Egypt Startups Leverage Tech to Drive Food Industry Innovation for Consumers, Businesses

Egypt, MENA, startups, ResTech, food industry

Egyptian startups are banking on digital solutions to drive business growth in the local and regional food sector, which has primarily operated offline and is in dire need of digitization to increase efficiency and productivity and lower costs.

The ultrafast delivery model is still a relatively new concept in the Middle East and North Africa (MENA) region, according to Yasmine Abdel Karim, co-founder of on-demand logistics and delivery startup Yalla Fel Sekka (YFS).

“It is there in Southeast Asia and Latin America, but it wasn’t yet reflected in Africa and MENA. That’s why it’s a very exciting market [for us and investors alike],” she told PYMNTS in an interview.

Read more: Ultrafast Delivery Model Creates New Opportunities for On-Demand Services in MENA

The business-to-business-to-consumer (B2B2C) startup, launched in early 2020, is now filling that gap by enabling businesses such as eCommerce firms, supermarkets and pharmacies to sell to their customers by leveraging its network of mini-warehouses and dark stores.

So far, YFS has caught on quickly with businesses. To date, the company has completed over 2 million deliveries via its network of 1,000 active motorcycle and van drivers and currently operates in five cities across Egypt: Cairo, Giza, Alexandria, Mansoura and Tanta.

See also: MENA Food Delivery Service Bucks Global Downward Trend as Europe Business Retreats

In another example of an Egyptian startup blazing a trail in the MENA food sector, Cairo-based cloud kitchen services provider The Food Lab is helping budding restaurateurs minimize costs, increase margins and improve operational efficiencies by offering them access to managed, shared dark kitchens.
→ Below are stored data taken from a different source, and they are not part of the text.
(* Assume $\alpha\in(0,1)$ and fix $\gamma>0$. For every $\delta>0$ there exists $\varepsilon>0$ such that, for every sequence of positive integers $M=M(N)$ with $M(N)/N\to\gamma$, for all $N$ sufficiently large, $$\mathbf P\Big(|\tau\cap((0,N]\times(0,M])|\ge\varepsilon N^\alpha/L(N)\Big)\ge1-\delta.$$
   Context: Let $\mathbb N=\{1,2,\dots\}$. Fix a slowly varying function $L$, and set $K(n)=L(n)n^{-(2+\alpha)}$, normalized so that $\sum_{n,m\in\mathbb N}K(n+m)=1$. Let $\tau$ be a bivariate renewal process with law $\mathbf P$: $\tau_0=(0,0)$, i.i.d. increments with $\mathbf P(\tau_1=(n,m))=K(n+m)$, $n,m\in\mathbb N$; $\tau$ is identified with the random set of its points and $|\cdot|$ denotes cardinality. *)

theory Defs
  imports "HOL-Probability.Probability"
begin

definition slowly_varying :: "(real \<Rightarrow> real) \<Rightarrow> bool" where
  "slowly_varying L \<longleftrightarrow> L \<in> borel_measurable borel \<and>
     (\<forall>\<^sub>F x in at_top. L x > 0) \<and>
     (\<forall>c>0. ((\<lambda>x. L (c * x) / L x) \<longlongrightarrow> 1) at_top)"

definition Kfun :: "real \<Rightarrow> (real \<Rightarrow> real) \<Rightarrow> nat \<Rightarrow> real" where
  "Kfun \<alpha> L n = L (real n) * real n powr (-(2 + \<alpha>))"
Related: Cloud Kitchen Softwares Help MENA Restaurants Optimize Costs, Expand Reach

According to The Food Lab’s CEO and co-founder Ahmed Osman, third-party aggregator costs — which often fall between 25% to 30% — are so high that they leave restaurants with a meager 0% to 5% margin. This, he said, ends up dissuading potential business owners and operators from venturing into the food business because of the time it will take for them to break even.

But from a margin of 0% to 5%, Osman told PYMNTS that the company’s clients can now make 15% to 20% without having to take on any of the capital expenditure or risks involved: “It’s a pure revenue share model which means whenever you sell, I take my cut; if you don’t sell, I don’t get paid a cut.”

And earlier this year, Cartona, an Egyptian B2B eCommerce marketplace for the fast-moving consumer goods (FMCG) space, partnered with multinational consumer goods company Unilever to help increase the number of retailer, supplier and distributor offerings on its B2B marketplace.

Read more: Egyptian B2B eCommerce Startup Cartona Partners With Unilever

The retail tech company, which raised $12 million in Series A funding last month, is looking to digitize the primarily offline-operated trade system in the country as part of wider plans to disrupt the $120 billion Egyptian retail market, per a PYMNTS report.

See also: B2B Marketplace Cartona Raises $12M for Expansion

“This cooperation [with Unilever] allows both parties to offer unique solutions, revolutionizing Egypt’s traditional trade and broadening our prospective user base across various governorates,” Cartona CEO Mahmoud Talaat said of the deal.